Directed by Joe Pickett and Nick Prueher (Found Footage Festival) and co-produced by Stu Pollard, “Dirty Country” follows Pierce’s notoriety as one of the filthiest country singers ever. His 14 albums to date contain such hits as “Good Hard Fuckin’,” “Will You Swallow My Cum?” and “Your Pussy’s All That Matters To Me.”
Pierce learned to play guitar listening to The Beatles but picked up country playing bars in Missouri because that’s what the customers wanted to hear. He wrote his bluest material entertaining friends at his house. “It was totally by accident,” he says. “Pretty soon, that’s all I was doing.”

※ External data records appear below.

(* Let $n\ge1$, $\sigma\in S_n$, and let $\Lambda$ be a growth associated with $\sigma$ with $P(\Lambda)=P$ and $Q(\Lambda)=Q$. Then \[ \frac{(1-t)^n}{(1-q)^n}\,\mathcal{P}(\Lambda)=\overline{\mathcal{P}}(\Lambda)\,\psi_P(q,t)\,\varphi_Q(q,t). \]
   Context: All quantities are rational functions of indeterminates $q,t$. Partitions are Young diagrams in French convention (cells $(x,y)\in\mathbb{Z}_{>0}^2$ with $x\le\lambda_y$), $\lambda'$ the conjugate; for $c=(x,y)\in\lambda$, $a_\lambda(c)=\lambda_y-x$, $\ell_\lambda(c)=\lambda'_x-y$; $n(\kappa)=\sum_{c\in\kappa}\ell_\kappa(c)$, $n'(\kappa)=\sum_{c\in\kappa}a_\kappa(c)$, $n(\rho/\kappa)=n(\rho)-n(\kappa)$, $n'(\rho/\kappa)=n'(\rho)-n'(\kappa)$. $\mathcal{U}(\lambda)$, $\mathcal{D}(\lambda)$: partitions obtained by adding, resp. removing, one cell; $\mathcal{D}^*(\lambda)=\mathcal{D}(\lambda)\cup\{\lambda\}$. For $\kappa\subseteq\rho$, $\mathcal{R}_{\rho/\kappa}$ (resp. $\mathcal{C}_{\rho/\kappa}$): cells of $\kappa$ in a row (resp. column) containing a cell of $\rho/\kappa$. $[i,j]=1-q^it^j$, $b_{i,j}=[i,j+1]/[i+1,j]$, $b_\lambda(c)=b_{a_\lambda(c),\ell_\lambda(c)}$. For $\kappa\lessdot\rho$ (one-cell difference): $\psi_{\rho/\kappa}=\prod_{c\in\mathcal{R}_{\rho/\kappa}}\frac{b_\kappa(c)}{b_\rho(c)}$, $\varphi_{\rho/\kappa}=\frac{1-t}{1-q}\prod_{c\in\mathcal{C}_{\rho/\kappa}}\frac{b_\rho(c)}{b_\kappa(c)}$. For a standard Young tableau $T$ with $n$ cells and $T^{(i)}$ the shape of entries $\le i$: $\psi_T=\prod_{i=1}^n\psi_{T^{(i)}/T^{(i-1)}}$, $\varphi_T=\prod_{i=1}^n\varphi_{T^{(i)}/T^{(i-1)}}$. For $\kappa\lessdot\rho$: $\alpha_{\rho/\kappa}=\prod_{c\in\mathcal{R}_{\rho/\kappa}}\frac{[a_\kappa(c),\ell_\kappa(c)+1]}{[a_\rho(c),\ell_\rho(c)+1]}\prod_{c\in\mathcal{C}_{\rho/\kappa}}\frac{[a_\kappa(c)+1,\ell_\kappa(c)]}{[a_\rho(c)+1,\ell_\rho(c)]}$, $\overline{\alpha}_{\rho/\kappa}=\prod_{c\in\mathcal{R}_{\rho/\kappa}}\frac{[a_\kappa(c)+1,\ell_\kappa(c)]}{[a_\rho(c)+1,\ell_\rho(c)]}\prod_{c\in\mathcal{C}_{\rho/\kappa}}\frac{[a_\kappa(c),\ell_\kappa(c)+1]}{[a_\rho(c),\ell_\rho(c)+1]}$, $\beta=1/\alpha$, $\overline{\beta}=1/\overline{\alpha}$. Local probabilities: $\mathcal{P}_\lambda(\lambda\rightarrow\nu)=t^{n(\nu/\lambda)}\alpha_{\nu/\lambda}$, $\overline{\mathcal{P}}_\lambda(\lambda\leftarrow\nu)=t^{n(\nu/\lambda)}\overline{\alpha}_{\nu/\lambda}$; for $\mu\in\mathcal{D}(\lambda)$, $\nu\in\mathcal{U}(\lambda)$, with $A=n'(\lambda/\mu)-n'(\nu/\lambda)$, $B=n(\nu/\lambda)-n(\lambda/\mu)$, $\gamma=\frac{(1-q^At^B)(1-q^{A+1}t^{B-1})}{(1-q)(1-t)}$: $\mathcal{P}_\lambda(\mu\rightarrow\nu)=t^{B-1}\alpha_{\nu/\lambda}\beta_{\lambda/\mu}/\gamma$, $\overline{\mathcal{P}}_\lambda(\mu\leftarrow\nu)=t^{B-1}\overline{\alpha}_{\nu/\lambda}\overline{\beta}_{\lambda/\mu}/\gamma$. Growths: for $\sigma\in S_n$, take the $n\times n$ grid with vertices $(i,j)$, $0\le i,j\le n$ (matrix coordinates); square $(i,j)$ has vertices NW $(i-1,j-1)$, NE $(i-1,j)$, SW $(i,j-1)$, SE $(i,j)$ and contains a 1 iff $i=\sigma(j)$. A growth associated with $\sigma$ is a labeling $\Lambda_{ij}$ by partitions with $\Lambda_{ij}\subseteq\Lambda_{i,j+1}$, $\Lambda_{ij}\subseteq\Lambda_{i+1,j}$, and $|\Lambda_{ij}|$ = number of squares $(i',j')$ with $i'\le i$, $j'\le j$ containing a 1. $P(\Lambda)$ (resp. $Q(\Lambda)$) has entry $i$ in the cell $\Lambda_{i,n}/\Lambda_{i-1,n}$ (resp. $\Lambda_{n,i}/\Lambda_{n,i-1}$). A square is of type III if its NE and SW vertices are both $\lambda$, NW vertex $\mu\in\mathcal{D}^*(\lambda)$, SE vertex $\nu\in\mathcal{U}(\lambda)$; then $\mathcal{P}(\square)=\mathcal{P}_\lambda(\mu\rightarrow\nu)$, $\overline{\mathcal{P}}(\square)=\overline{\mathcal{P}}_\lambda(\mu\leftarrow\nu)$; otherwise both equal 1. $\mathcal{P}(\Lambda)=\prod_\square\mathcal{P}(\square)$, $\overline{\mathcal{P}}(\Lambda)=\prod_\square\overline{\mathcal{P}}(\square)$. *)

theory Defs
  imports Complex_Main "HOL-Combinatorics.Permutations"
    "HOL-Computational_Algebra.Polynomial" "HOL-Computational_Algebra.Fraction_Field"
begin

His music caught the ear of a Las Vegas production company, Laughing Hyena, which elevated Pierce’s popularity somewhat. But it was the Colorado Springs band Itis that helped turn Pierce into a working musician.
Unbeknownst to Pierce, Itis picked up one of his cassettes at a truckstop and liked it so much they covered his songs at their shows for three years. They back Pierce on the road when logistics permit. “We do have a bit of a distance problem,” he says.

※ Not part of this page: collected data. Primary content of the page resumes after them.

definition nijenhuis :: "('v::real_vector \<Rightarrow> 'v \<Rightarrow> 'v) \<Rightarrow> ('v \<Rightarrow> 'v) \<Rightarrow> 'v \<Rightarrow> 'v \<Rightarrow> 'v" where
  "nijenhuis B J X Y = B X Y + J (B (J X) Y) + J (B X (J Y)) - B (J X) (J Y)"

definition complex_structure :: "('v::real_vector \<Rightarrow> 'v \<Rightarrow> 'v) \<Rightarrow> ('v \<Rightarrow> 'v) \<Rightarrow> bool" where
  "complex_structure B J \<longleftrightarrow> linear J \<and> (\<forall>x. J (J x) = - x) \<and> (\<forall>X Y. nijenhuis B J X Y = 0)"

end

theory Submission
  imports Defs
begin

(* Nilpotency: the lower central series of g_a lies in the coordinate filtration cut out by
   e^1..e^3, e^1..e^5, e^1..e^7, and its fourth term is zero.

   Non-isomorphism: an isomorphism f : g_a -> g_b preserves the lower central series, so its
   matrix M in the basis (e_k) is block lower triangular.  Comparing components of
   f [e_i, e_j] = [f e_i, f e_j] then forces M_11 = 1, M_33 = +-1 and b = a M_33, so a = b
   whenever a, b >= 0.

   Complex structure: J e_1 = e_2, J e_3 = e_8, J e_4 = e_5, J e_6 = e_7 is integrable. *)

(* Keeps the basis index 1 a numeral, so that the coordinate rules stated for e_1 and e^1 still
   match after simplification. *)
declare One_nat_def [simp del]

lemma exhaust_8:
  fixes x :: 8
  shows "x = 0 \<or> x = 1 \<or> x = 2 \<or> x = 3 \<or> x = 4 \<or> x = 5 \<or> x = 6 \<or> x = 7"
proof (induct x)
  case (of_int z)
  then have "z = 0 \<or> z = 1 \<or> z = 2 \<or> z = 3 \<or> z = 4 \<or> z = 5 \<or> z = 6 \<or> z = 7" by fastforce
  then show ?case by auto
qed

lemma sum_1_8: "(\<Sum>i\<in>{1..8::nat}. g i) = g 1 + g 2 + g 3 + g 4 + g 5 + g 6 + g 7 + g 8"
  by (simp add: numeral_eq_Suc sum.atLeast_Suc_atMost add.assoc One_nat_def)

lemma ix_eq_iff: "1 \<le> k \<Longrightarrow> k \<le> 8 \<Longrightarrow> 1 \<le> j \<Longrightarrow> j \<le> 8 \<Longrightarrow> ix k = ix j \<longleftrightarrow> k = j"
  unfolding ix_def by (auto simp: numeral_eq_Suc le_Suc_eq)

lemma vec8_eqI:
  assumes "ecov 1 v = ecov 1 w" "ecov 2 v = ecov 2 w" "ecov 3 v = ecov 3 w" "ecov 4 v = ecov 4 w"
    "ecov 5 v = ecov 5 w" "ecov 6 v = ecov 6 w" "ecov 7 v = ecov 7 w" "ecov 8 v = ecov 8 w"
  shows "v = w"
  unfolding vec_eq_iff
proof
  fix i :: 8
  have "i = ix 1 \<or> i = ix 2 \<or> i = ix 3 \<or> i = ix 4 \<or> i = ix 5 \<or> i = ix 6 \<or> i = ix 7 \<or> i = ix 8"
    using exhaust_8[of i] by (simp add: ix_def)
  then show "v $ i = w $ i"
    using assms by (auto simp: ecov_def)
qed

lemma ecov_simps [simp]:
  "ecov k (x + y) = ecov k x + ecov k y"
  "ecov k (x - y) = ecov k x - ecov k y"
  "ecov k (- x) = - ecov k x"
  "ecov k (c *\<^sub>R x) = c * ecov k x"
  "ecov k 0 = 0"
  "ecov k (sum g A) = (\<Sum>i\<in>A. ecov k (g i))"
  by (simp_all add: ecov_def)

lemma ecov_evec: "ecov k (evec j) = (if ix k = ix j then 1 else 0)"
  by (simp add: ecov_def evec_def axis_def)

lemma ecov_br:
  assumes "r \<in> {1..8}"
  shows "ecov r (br a X Y) = - de a r X Y"
proof -
  have "ecov r (br a X Y) = (\<Sum>k\<in>{1..8}. if k = r then - de a k X Y else 0)"
    unfolding br_def ecov_simps by (rule sum.cong) (use assms ix_eq_iff in \<open>auto simp: ecov_evec\<close>)
  then show ?thesis
    using assms by simp
qed

lemma de_expand:
  "de a 1 X Y = 0"
  "de a 2 X Y = 0"
  "de a 3 X Y = 0"
  "de a 4 X Y = ecov 1 X * ecov 3 Y - ecov 1 Y * ecov 3 X"
  "de a 5 X Y = ecov 2 X * ecov 3 Y - ecov 2 Y * ecov 3 X"
  "de a 6 X Y = 3 * (ecov 1 X * ecov 4 Y - ecov 1 Y * ecov 4 X)
     + (ecov 2 X * ecov 5 Y - ecov 2 Y * ecov 5 X) - 2 * (ecov 3 X * ecov 5 Y - ecov 3 Y * ecov 5 X)"
  "de a 7 X Y = 2 * a * (ecov 1 X * ecov 2 Y - ecov 1 Y * ecov 2 X)
     + (ecov 1 X * ecov 5 Y - ecov 1 Y * ecov 5 X) + (ecov 2 X * ecov 4 Y - ecov 2 Y * ecov 4 X)
     + 2 * (ecov 3 X * ecov 4 Y - ecov 3 Y * ecov 4 X)"
  "de a 8 X Y = -2 * (ecov 1 X * ecov 4 Y - ecov 1 Y * ecov 4 X)
     + (ecov 1 X * ecov 6 Y - ecov 1 Y * ecov 6 X) - 2 * (ecov 2 X * ecov 5 Y - ecov 2 Y * ecov 5 X)
     + (ecov 2 X * ecov 7 Y - ecov 2 Y * ecov 7 X) - 2 * (ecov 4 X * ecov 5 Y - ecov 4 Y * ecov 5 X)"
  unfolding de_def sum_1_8 by (simp_all add: cf_def)

lemmas br_coords = ecov_br[of 1] ecov_br[of 2] ecov_br[of 3] ecov_br[of 4]
  ecov_br[of 5] ecov_br[of 6] ecov_br[of 7] ecov_br[of 8]

section \<open>Nilpotency\<close>

definition coords_vanish :: "nat set \<Rightarrow> (real^8) set" where
  "coords_vanish I = {x. \<forall>k\<in>I. ecov k x = 0}"

lemma subspace_coords_vanish: "subspace (coords_vanish I)"
  by (auto simp: subspace_def coords_vanish_def)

In 2003, Prueher and Pickett contacted Pierce about making the documentary, but the star didn’t consider himself celluloid material.
“They wrote me a letter, and I wrote back saying, ‘Sorry, there’s no story here. This is not what you think. I’m married with children,’” says Pierce, who has a wife of 27 years. “They said, ‘That’s even better.’”
The dirty subgenre is larger than it appears. Blowfly, the original dirty rapper, headlined the 10-year anniversary of Wild & Woolly Video last year, and Buffalo, N.Y. singer “Dirty John” Valby parodies songs with only choice, raunchy language.
For his part, Pierce never has been sued, and he’s never had a problem being booked anywhere. “There’re a lot more dirty-minded people out there than I thought there were. I’ve had a few complaints, but most of the time it goes over really well,” says Pierce, and for one good reason:
“Everybody likes sex. There are some people who don’t talk about it a whole lot. They sure don’t sing it.”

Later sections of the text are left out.